Task requirements - Examine each line in the records below for the word "exists". Report how many lines contain it, and nothing else.

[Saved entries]
+ + + +

(* Let $\mathcal{F}$ be a holomorphic foliation by curves defined near a point $p$ of $\mathbb{C}^n$ by the polynomial vector field $X_p=\sum_{j=1}^{n}P_j(z)\frac{\partial}{\partial z_j}$, where, in these coordinates, $W=\{z_1=\cdots=z_d=0\}$ and $m_i=m_W(P_i)$. Then, by a linear change of coordinates $w=Az$ preserving $W$, $\mathcal{F}$ may be described by a polynomial vector field $Y_p=\sum_{j=1}^{n}Q_j(w)\frac{\partial}{\partial w_j}$ with $$m_W(Q_j)=\begin{cases} m'_W(\mathcal F), & j=1,\ldots,d,\\ m_W(\mathcal F), & j=d+1,\ldots,n,\end{cases}$$ where $m'_W(\mathcal{F})=\min\{m_1,\ldots,m_d\}$.
   Context: For a function $P$ written as $P(z)=\sum_{|a|=q}z_1^{a_1}\cdots z_d^{a_d}P_a(z)$, $a=(a_1,\ldots,a_d)\in\mathbb Z_{\ge0}^d$, with at least one $P_a$ not vanishing identically on $\{z_1=\cdots=z_d=0\}$, the multiplicity of $P$ along $W$ is $m_W(P)=q$. The multiplicity of $\mathcal F$ along $W$ is $m_W(\mathcal F)=\min\{m_1,\ldots,m_n\}$. *)

theory Defs
  imports Complex_Main "HOL-Library.Extended_Nat"
begin

text \<open>Points of C^n are modelled as functions nat => complex, only coordinates
  0..n-1 being relevant (coordinate z_{i+1} of the paper is z i here).\<close>

definition monom_fun :: "nat \<Rightarrow> (nat \<Rightarrow> nat) \<Rightarrow> (nat \<Rightarrow> complex) \<Rightarrow> complex" where
  "monom_fun n \<alpha> z = (\<Prod>i<n. z i ^ \<alpha> i)"

definition poly_fun :: "nat \<Rightarrow> ((nat \<Rightarrow> complex) \<Rightarrow> complex) \<Rightarrow> bool" where
  "poly_fun n f \<longleftrightarrow> (\<exists>c :: (nat \<Rightarrow> nat) \<Rightarrow> complex.
      finite {\<alpha>. c \<alpha> \<noteq> 0} \<and> (\<forall>\<alpha>. c \<alpha> \<noteq> 0 \<longrightarrow> (\<forall>i\<ge>n. \<alpha> i = 0)) \<and>
      (\<forall>z. f z = (\<Sum>\<alpha>\<in>{\<alpha>. c \<alpha> \<noteq> 0}. c \<alpha> * monom_fun n \<alpha> z)))"

definition multi_idx :: "nat \<Rightarrow> nat \<Rightarrow> (nat \<Rightarrow> nat) set" where
  "multi_idx d q = {a. (\<forall>i\<ge>d. a i = 0) \<and> (\<Sum>i<d. a i) = q}"

definition mult_rep :: "nat \<Rightarrow> nat \<Rightarrow> ((nat \<Rightarrow> complex) \<Rightarrow> complex) \<Rightarrow> nat \<Rightarrow> bool" where
  "mult_rep n d P q \<longleftrightarrow> (\<exists>Pa :: (nat \<Rightarrow> nat) \<Rightarrow> (nat \<Rightarrow> complex) \<Rightarrow> complex.
      (\<forall>a\<in>multi_idx d q. poly_fun n (Pa a)) \<and>
      (\<forall>z. P z = (\<Sum>a\<in>multi_idx d q. (\<Prod>i<d. z i ^ a i) * Pa a z)) \<and>
      (\<exists>a\<in>multi_idx d q. \<exists>z. (\<forall>i<d. z i = 0) \<and> Pa a z \<noteq> 0))"

text \<open>Multiplicity m_W(P) along W; \<infinity> if no such representation exists (P = 0).\<close>
definition multW :: "nat \<Rightarrow> nat \<Rightarrow> ((nat \<Rightarrow> complex) \<Rightarrow> complex) \<Rightarrow> enat" where
  "multW n d P = (if \<exists>q. mult_rep n d P q then enat (LEAST q. mult_rep n d P q) else \<infinity>)"

definition matvec :: "nat \<Rightarrow> (nat \<Rightarrow> nat \<Rightarrow> complex) \<Rightarrow> (nat \<Rightarrow> complex) \<Rightarrow> (nat \<Rightarrow> complex)" where
  "matvec n A z = (\<lambda>i. if i < n then (\<Sum>k<n. A i k * z k) else 0)"

definition inverse_mats :: "nat \<Rightarrow> (nat \<Rightarrow> nat \<Rightarrow> complex) \<Rightarrow> (nat \<Rightarrow> nat \<Rightarrow> complex) \<Rightarrow> bool" where
  "inverse_mats n A B \<longleftrightarrow> (\<forall>i<n. \<forall>j<n.
      (\<Sum>k<n. A i k * B k j) = (if i = j then 1 else 0) \<and>
      (\<Sum>k<n. B i k * A k j) = (if i = j then 1 else 0))"

definition Wset :: "nat \<Rightarrow> nat \<Rightarrow> (nat \<Rightarrow> complex) set" where
  "Wset n d = {z. (\<forall>i<d. z i = 0) \<and> (\<forall>i\<ge>n. z i = 0)}"

end

theory Submission
  imports Defs
begin

(* The multiplicity m_W(P) is the largest q such that P lies in the q-th power I_W^q of the
   ideal of W, i.e. such that every monomial of P has degree at least q in z_1, ..., z_d.
   For each j pick an index kappa(j) at which m_W(P_i) is minimal, over i <= d when j <= d
   and over all i when j > d, and replace P_j by P_j + t P_kappa(j). The monomial of
   P_kappa(j) of lowest W-degree can be cancelled by at most one value of t, so for generic t
   the new component has multiplicity exactly m_W(P_kappa(j)). These new components form the
   vector field A P(B w) for the matrix A with rows e_j + t e_kappa(j) and B its inverse:
   kappa can be chosen idempotent, so A is invertible for t <> -1, and kappa maps
   {1, ..., d} into itself, so A and B preserve W and, being linear, every power of I_W. *)

section \<open>Powers of the ideal of \<open>W\<close>\<close>

definition W_degree :: "nat \<Rightarrow> (nat \<Rightarrow> nat) \<Rightarrow> nat" where
  "W_degree d \<alpha> = (\<Sum>i<d. \<alpha> i)"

+ + + +

Result of the task - 5